日刊SPA! 2024年11月11日 8時52分

 帝国データバンクの今年10月発表の調査によると、飲食店の倒産が過去最多ペースで発生しているとのことだ。業態別では、居酒屋を主体とする「酒場、ビヤホール」の倒産が最も多い。深刻なのは倒産だけでなく個人店の廃業も増えていることである。
 個人経営の小規模事業者が多い飲食業界は、食材、人手不足と人件費上昇、光熱費の高騰などで、ただでさえ低収益なのに、今後さらに厳しい経営を余儀なくされそうだ。
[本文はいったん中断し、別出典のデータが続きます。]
theorem theoremD2:
  fixes X :: "rbar set" and Y :: "real set" and F :: "rbar \<Rightarrow> real"
  assumes "finite X" and "finite Y" and "Y \<subseteq> {0..1}"
    and "card Y \<le> card X + 1" and "{0, 1} \<subseteq> Y"
    and "F \<in> cdfs X Y"
  shows "(\<forall>F' \<in> cdfs X Y. entropy X F' \<le> entropy X F) \<longleftrightarrow> F ` X \<union> {0} = Y"
proof -
  have "card {0::real, 1} \<le> card Y"
    using assms by (intro card_mono) auto
  then have "X \<noteq> {}"
    using assms by auto
  note bound = entropy_cdf_le[OF assms(1) \<open>X \<noteq> {}\<close> assms(2,3)]
  obtain F\<^sub>Y where F\<^sub>Y: "F\<^sub>Y \<in> cdfs X Y" "insert 0 (F\<^sub>Y ` X) = Y"
    using ex_cdf_with_levels[OF assms(1) \<open>X \<noteq> {}\<close> assms(2,3,5,4)] by blast
  have "entropy X F\<^sub>Y = - neg_entropy_levels Y"
    using bound(2) F\<^sub>Y assms(5) by simp
  then have "(\<forall>F' \<in> cdfs X Y. entropy X F' \<le> entropy X F) \<longleftrightarrow> entropy X F = - neg_entropy_levels Y"
    using bound(1) assms(5,6) F\<^sub>Y(1) by (metis antisym insert_subset)
  also have "\<dots> \<longleftrightarrow> F ` X \<union> {0} = Y"
    using bound(2) assms(5,6) by simp
  finally show ?thesis .
qed

end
 コロナ収束後、期待したほど客足が回復せず、加えて客離れを懸念し、価格転嫁を躊躇し売上が伸びないのに経費ばかり負担が大きくなっているのが実情だ。そんななかこれまで好調を維持してきた丸亀製麵を運営する株式会社トリドールホールディングスにも気になる兆候が出てきた。同社の取り組みと今後の課題について説明する。

◆丸亀製麵が売上の半分を占める

 うどん業界で最多店舗数を誇る丸亀製麺を運営するのは株式会社トリドールホールディングス。2000年11月、讃岐うどん専門店「丸亀製麺」1号店を出店。現在の店舗数は840店舗(2024年3月期)である。2016年10月持株会社体制移行に伴い、株式会社トリドールホールディングスに商号変更して現在に至る。
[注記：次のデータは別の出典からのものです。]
(* If $g,h,gh\in\mathcal{G}$ ($g$ and $h$ are composable) then $$\mathrm{rot}(\Delta_g) = \Delta_g: H_g \to H_g \diamond H_g,$$ $$\mathrm{rot}(m_{g,h}) = \bar S_{\bar g} \circ m_{h,\bar h \bar g} \circ (\mathrm{id}_g \diamond S_{gh}) : H_h \diamond H_{gh} \to H_g.$$
   Context: Let $\mathcal{G}$ be a groupoid and $\mathcal{H}(\mathcal{G})$ the free braided monoidal category (product $\diamond$, unit $\mathbf{1}$, braiding $\gamma$) generated by a Hopf $\mathcal{G}$-algebra $H=\{H_g\}_{g\in\mathcal{G}}$ (comultiplications $\Delta_g:H_g\to H_g\diamond H_g$, counits $\epsilon_g$, multiplications $m_{g,h}:H_g\diamond H_h\to H_{gh}$, units $\eta_i$, antipodes $S_g:H_g\to H_{\bar g}$ with inverses $\bar S_g$) with a left cointegral $l=\{l_i:H_{1_i}\to\mathbf{1}\}$ and a right integral $L=\{L_g:\mathbf{1}\to H_g\}$ such that $l_i\circ L_{1_i}=\mathrm{id}_{\mathbf{1}}=l_i\circ S_{1_i}\circ L_{1_i}$. $\mathcal{H}(\mathcal{G})$ is autonomous with $H_g^\ast=H_g$, coform $\Lambda_g=\Delta_g\circ L_g:\mathbf{1}\to H_g\diamond H_g$ and form $\lambda_g=l_i\circ m_{g,\bar g}\circ(\mathrm{id}_g\diamond S_g):H_g\diamond H_g\to\mathbf{1}$ for $g\in\mathcal{G}(i,j)$. Writing $\mathrm{Mor}(A,B)$ for the morphisms $A\to B$ in $\mathcal{H}(\mathcal{G})$, the rotation map $\mathrm{rot}:\mathrm{Mor}(H_g\diamond A,B\diamond H_h)\to\mathrm{Mor}(A\diamond H_h,H_g\diamond B)$ is defined by $$\mathrm{rot}(F)=(\mathrm{id}_{H_g\diamond B}\diamond\lambda_h)\circ(\mathrm{id}_g\diamond F\diamond\mathrm{id}_h)\circ(\Lambda_g\diamond\mathrm{id}_{A\diamond H_h}).$$ Here $\Delta_g$ is regarded as a morphism $H_g\diamond\mathbf{1}\to H_g\diamond H_g$ and $m_{g,h}$ as a morphism $H_g\diamond H_h\to\mathbf{1}\diamond H_{gh}$. *)

theory Defs
  imports Main
begin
 収益状況は、国内その他と海外事業を含めて、売上2320億円、営業利益116億円、営業利益率5.0%である。中核ブランドの丸亀製麺は、売上の約50%を占めるなど順調に推移しており、売上実績は1021億円(2023年3月期)→1149億円(2024年3月期)。前年比12.4%増と伸ばしており、過去最高も更新している。

◆業界2位の「はなまるうどん」との差

 営業利益も116億円(2023年3月期)→183億円(2024年3月期)と、59%増と伸ばしている。営業利益の16.0%は驚異の収益力であり、客数を減らさずにこれだけ儲ける力があるのは見事だ。
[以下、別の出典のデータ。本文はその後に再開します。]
lemma continuous_map_vadd: "continuous_map (prod_topology T T) T (\<lambda>(f, g). vadd f g)"
  unfolding continuous_map_def topspace_prod_topology topspace_seminorm_topology
proof (intro conjI allI impI)
  show "(\<lambda>(f, g). vadd f g) \<in> FV \<times> FV \<rightarrow> FV"
    using FV_add by (auto simp: vadd_def)
  fix U assume U: "openin T U"
  show "openin (prod_topology T T) {x \<in> FV \<times> FV. (case x of (f, g) \<Rightarrow> vadd f g) \<in> U}"
    unfolding openin_prod_topology_alt
  proof (intro allI impI)
    fix f g assume "(f, g) \<in> {x \<in> FV \<times> FV. (case x of (f, g) \<Rightarrow> vadd f g) \<in> U}"
    then have f: "f \<in> FV" and g: "g \<in> FV" and fg: "vadd f g \<in> U" by auto
    obtain q where q: "q \<in> Q" "seminorm_ball q (vadd f g) 1 \<subseteq> U"
      using seminorm_openD[OF U fg] by blast
    note sn = seminorm[OF q(1)]
    have "a \<in> FV \<and> b \<in> FV \<and> vadd a b \<in> U" if a: "a \<in> seminorm_ball q f (1/2)" and b: "b \<in> seminorm_ball q g (1/2)" for a b
    proof -
      have aF: "a \<in> FV" and bF: "b \<in> FV" using a b unfolding seminorm_ball_def by auto
      have "q (\<lambda>x. (a x - f x) + (b x - g x)) \<le> q (\<lambda>x. a x - f x) + q (\<lambda>x. b x - g x)"
        using aF bF f g FV_diff by (intro seminorm_triangle[OF sn]) auto
      also have "\<dots> < 1" using a b unfolding seminorm_ball_def by auto
      finally have "q (\<lambda>x. (a x + b x) - (f x + g x)) < 1" by (simp add: algebra_simps)
      then show ?thesis
        using q(2) FV_add[OF aF bF] aF bF unfolding seminorm_ball_def vadd_def by auto
    qed
    then have "seminorm_ball q f (1/2) \<times> seminorm_ball q g (1/2)
        \<subseteq> {x \<in> FV \<times> FV. (case x of (f, g) \<Rightarrow> vadd f g) \<in> U}" by auto
    moreover have "openin T (seminorm_ball q f (1/2))" "openin T (seminorm_ball q g (1/2))"
      using openin_seminorm_ball[OF q(1)] f g by auto
    moreover have "f \<in> seminorm_ball q f (1/2)" "g \<in> seminorm_ball q g (1/2)"
      using centre_in_seminorm_ball[OF sn] f g by auto
    ultimately show "\<exists>V W. openin T V \<and> openin T W \<and> f \<in> V \<and> g \<in> W \<and>
        V \<times> W \<subseteq> {x \<in> FV \<times> FV. (case x of (f, g) \<Rightarrow> vadd f g) \<in> U}"
      by blast
  qed
qed

lemma continuous_map_smul: "continuous_map (prod_topology euclideanreal T) T (\<lambda>(c, f). smul c f)"
  unfolding continuous_map_def topspace_prod_topology topspace_seminorm_topology
proof (intro conjI allI impI)
  show "(\<lambda>(c, f). smul c f) \<in> topspace euclideanreal \<times> FV \<rightarrow> FV"
    using FV_scale by (auto simp: smul_def)
  fix U assume U: "openin T U"
  show "openin (prod_topology euclideanreal T)
          {x \<in> topspace euclideanreal \<times> FV. (case x of (c, f) \<Rightarrow> smul c f) \<in> U}"
    unfolding openin_prod_topology_alt
  proof (intro allI impI)
    fix c0 f0 assume "(c0, f0) \<in> {x \<in> topspace euclideanreal \<times> FV. (case x of (c, f) \<Rightarrow> smul c f) \<in> U}"
    then have f0: "f0 \<in> FV" and c0f0: "smul c0 f0 \<in> U" by auto
    obtain q where q: "q \<in> Q" "seminorm_ball q (smul c0 f0) 1 \<subseteq> U"
      using seminorm_openD[OF U c0f0] by blast
    note sn = seminorm[OF q(1)]
    define a where "a = q f0"
    have a0: "a \<ge> 0" using seminorm_nonneg[OF sn f0] a_def by simp
    define d where "d = 1 / (2 * (a + 1))"
    define r where "r = 1 / (2 * (\<bar>c0\<bar> + 1))"
    have d0: "d > 0" "d \<le> 1/2" "d * a < 1/2" using a0 unfolding d_def by (auto simp: field_simps)
    have r0: "r > 0" "(\<bar>c0\<bar> + 1) * r = 1/2" unfolding r_def by auto
    have "smul c f \<in> U" if c: "c \<in> ball c0 d" and f: "f \<in> seminorm_ball q f0 r" for c f
    proof -
      have fF: "f \<in> FV" and qf: "q (\<lambda>x. f x - f0 x) < r" using f unfolding seminorm_ball_def by auto
      have cd: "\<bar>c - c0\<bar> < d" using c by (simp add: dist_real_def abs_minus_commute)
      have "q (\<lambda>x. c * f x - c0 * f0 x) \<le> \<bar>c\<bar> * q (\<lambda>x. f x - f0 x) + \<bar>c - c0\<bar> * a"
        using seminorm_scale_diff[OF sn fF f0] unfolding a_def .
      also have "\<dots> < 1"
      proof -
        have "\<bar>c\<bar> * q (\<lambda>x. f x - f0 x) \<le> (\<bar>c0\<bar> + 1) * r"
          using cd d0 qf seminorm_nonneg[OF sn FV_diff[OF fF f0]] by (intro mult_mono) auto
        moreover have "\<bar>c - c0\<bar> * a \<le> d * a" using cd a0 by (intro mult_right_mono) auto
        ultimately show ?thesis using d0 r0 by linarith
      qed
      finally show ?thesis
        using q(2) FV_scale[OF fF] unfolding seminorm_ball_def smul_def by auto
    qed
    moreover have "seminorm_ball q f0 r \<subseteq> FV" unfolding seminorm_ball_def by auto
    ultimately have "ball c0 d \<times> seminorm_ball q f0 r
        \<subseteq> {x \<in> topspace euclideanreal \<times> FV. (case x of (c, f) \<Rightarrow> smul c f) \<in> U}" by auto
    then show "\<exists>V W. openin euclideanreal V \<and> openin T W \<and> c0 \<in> V \<and> f0 \<in> W \<and>
        V \<times> W \<subseteq> {x \<in> topspace euclideanreal \<times> FV. (case x of (c, f) \<Rightarrow> smul c f) \<in> U}"
      using openin_seminorm_ball[OF q(1) f0] centre_in_seminorm_ball[OF sn f0 r0(1)] d0(1)
      by (intro exI[of _ "ball c0 d"] exI[of _ "seminorm_ball q f0 r"]) auto
  qed
qed

lemma lc_vector_topology: "lc_vector_topology T"
  unfolding lc_vector_topology_def vector_topology_def
proof (intro conjI allI impI topspace_seminorm_topology continuous_map_vadd continuous_map_smul)
  fix U f assume Uf: "openin T U \<and> f \<in> U"
  then obtain q where q: "q \<in> Q" "seminorm_ball q f 1 \<subseteq> U"
    using seminorm_openD by blast
  have f: "f \<in> FV" using Uf openin_subset topspace_seminorm_topology by blast
  show "\<exists>W. openin T W \<and> vconvex W \<and> f \<in> W \<and> W \<subseteq> U"
    using openin_seminorm_ball[OF q(1) f] convex_seminorm_ball[OF seminorm[OF q(1)] f]
      centre_in_seminorm_ball[OF seminorm[OF q(1)] f zero_less_one] q(2) by blast
qed

lemma continuous_map_if_dominated:
  assumes \<phi>: "linear_on_FV \<phi>" and q: "q \<in> Q" and dom: "\<forall>f\<in>FV. \<bar>\<phi> f\<bar> \<le> q f"
  shows "continuous_map T euclideanreal \<phi>"
  unfolding continuous_map_def
proof (intro conjI allI impI)
  show "\<phi> \<in> topspace T \<rightarrow> topspace euclideanreal" by simp
  fix V :: "real set" assume V: "openin euclideanreal V"
  show "openin T {x \<in> topspace T. \<phi> x \<in> V}"
    unfolding openin_seminorm_topology seminorm_open_def topspace_seminorm_topology
  proof (intro conjI ballI)
    fix f assume "f \<in> {x \<in> FV. \<phi> x \<in> V}"
    then have fF: "f \<in> FV" and "\<phi> f \<in> V" by auto
    then obtain e where e: "e > 0" "ball (\<phi> f) e \<subseteq> V"
      using V openE[of V "\<phi> f"] by auto
    have "seminorm_ball (\<lambda>h. (2 / e) * q h) f 1 \<subseteq> {x \<in> FV. \<phi> x \<in> V}"
    proof
      fix g assume "g \<in> seminorm_ball (\<lambda>h. (2 / e) * q h) f 1"
      then have gF: "g \<in> FV" and qg: "q (\<lambda>x. g x - f x) < e / 2"
        using e(1) unfolding seminorm_ball_def by (auto simp: field_simps)
      have "\<bar>\<phi> g - \<phi> f\<bar> \<le> q (\<lambda>x. g x - f x)"
        using linear_on_FV_diff[OF \<phi> gF fF] dom FV_diff[OF gF fF] by auto
      then have "\<phi> g \<in> ball (\<phi> f) e"
        using qg e(1) by (simp add: dist_real_def abs_minus_commute)
      then show "g \<in> {x \<in> FV. \<phi> x \<in> V}" using gF e(2) by blast
    qed
    then show "\<exists>q'\<in>Q. seminorm_ball q' f 1 \<subseteq> {x \<in> FV. \<phi> x \<in> V}"
      using scale_closed[OF q, of "2 / e"] e(1) by auto
  qed auto
qed

lemma dominated_if_continuous_map:
  assumes \<phi>: "linear_on_FV \<phi>" and c: "continuous_map T euclideanreal \<phi>"
  shows "\<exists>q\<in>Q. \<forall>f\<in>FV. \<bar>\<phi> f\<bar> \<le> q f"
proof -
  have "openin T {f \<in> topspace T. \<phi> f \<in> ball 0 1}"
    using c by (intro openin_continuous_map_preimage) auto
  moreover have "(\<lambda>x. 0) \<in> {f \<in> topspace T. \<phi> f \<in> ball 0 1}"
    using linear_on_FV_zero[OF \<phi>] FV_zero topspace_seminorm_topology by auto
  ultimately obtain q where q: "q \<in> Q" "seminorm_ball q (\<lambda>x. 0) 1 \<subseteq> {f \<in> topspace T. \<phi> f \<in> ball 0 1}"
    using seminorm_openD by blast
  have "\<bar>\<phi> g\<bar> < 1" if "g \<in> FV" "q g < 1" for g
  proof -
    have "g \<in> seminorm_ball q (\<lambda>x. 0) 1" using that unfolding seminorm_ball_def by simp
    then show ?thesis using q(2) by auto
  qed
  then have "\<bar>\<phi> f\<bar> \<le> 1 * q f" if "f \<in> FV" for f
    using linear_dominated_by_seminorm[OF \<phi> seminorm[OF q(1)] zero_less_one] that by blast
  then show ?thesis using q(1) by auto
qed

end

lemma coarser_seminorm_topology:
  assumes Q: "seminorm_family Q" and Q': "seminorm_family Q'"
    and dom: "\<forall>q\<in>Q. \<exists>q'\<in>Q'. \<forall>f\<in>FV. q f \<le> q' f"
  shows "coarser (seminorm_topology Q) (seminorm_topology Q')"
  unfolding coarser_def
proof (intro allI impI)
  fix U assume U: "openin (seminorm_topology Q) U"
  have UF: "U \<subseteq> FV"
    using openin_subset[OF U] seminorm_family.topspace_seminorm_topology[OF Q] by simp
  show "openin (seminorm_topology Q') U"
    unfolding seminorm_family.openin_seminorm_topology[OF Q'] seminorm_open_def
  proof (intro conjI ballI UF)
    fix f assume f: "f \<in> U"
    obtain q where q: "q \<in> Q" "seminorm_ball q f 1 \<subseteq> U"
      using seminorm_family.seminorm_openD[OF Q U f] by blast
    obtain q' where q': "q' \<in> Q'" "\<forall>h\<in>FV. q h \<le> q' h" using dom q(1) by blast
    have "seminorm_ball q' f 1 \<subseteq> seminorm_ball q f 1"
    proof
      fix g assume "g \<in> seminorm_ball q' f 1"
      moreover have "g \<in> FV \<Longrightarrow> q (\<lambda>x. g x - f x) \<le> q' (\<lambda>x. g x - f x)"
        using q'(2) FV_diff f UF by blast
      ultimately show "g \<in> seminorm_ball q f 1" unfolding seminorm_ball_def by auto
    qed
    then show "\<exists>q'\<in>Q'. seminorm_ball q' f 1 \<subseteq> U" using q'(1) q(2) by blast
  qed
qed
 うどんチェーン業界は店舗数・売上と共に、1位と2位には開きがあり、2位の「はなまるうどん」は店舗数418店舗、チェーン売上334億円、営業収入292億円(2024年2月期)だ。丸亀製麺のほうが出店数は2倍以上、売上は3倍以上の差があり、圧倒的な優位性を確保している。

 同じトリドール傘下のラーメン「ずんどう屋」も大阪など関西の既存店が特に好調に推移しており、店舗数は87店舗(2024年3月期)と増えている。トリドールは、現在、21のブランドを展開しており、適切なポートフォリオ・マネジメントができるようモニタリング体制を強化中だ。

◆丸亀製麺を中核としたトリドールの課題

 丸亀製麵を中核として勢いを増すトリドールだが、一方で課題も多い。筆者が主な課題だと思う点を3つに分けて紹介したい。

 1つ目の課題は、今回の決算だ。トリドールの2024年4〜6月期の連結決算(国際会計基準)は純利益が前年同期比43%減の15億円だった。英国で展開している「フルハムショア」の一部店舗で減損損失5億7800万円、また、海外で繰り延べ税金資産の取り崩しなどで税金費用が増加したようだ。

 また、前出のずんどう屋、カフェの「コナズ珈琲」など「国内その他」は既存店が売上は好調で約2割の増収だったが、運営管理面で人員の投入を増やしたことで、人件費率が上昇、原材料価格も高止まりしている。同部門の事業利益は5%減となっていた。

 しかし、こういった特損や営業費用の増加がありつつも、売上は25%増の658億円、事業利益は13%増の44億円といずれもこの期間として過去最高だった。売上の半分を占める丸亀製麺の事業利益は22%増と他業態を牽引している。25年3月期の連結業績予想は据え置くなど、経営課題が多いのも事実だが、今後に期待したい。

◆ライバル「資さんうどん」の動向

 続いて2つ目の課題は、競合他社の動向だ。2024年10月、すかいらーくは九州を地盤にした成長著しい「資さんうどん」の全株式を取得し、傘下に加える。すかいらーくは自社で不足する業態は、自社でイチから開発せずM&Aを活用し、時間を節約する経営方針であり、その一環だ。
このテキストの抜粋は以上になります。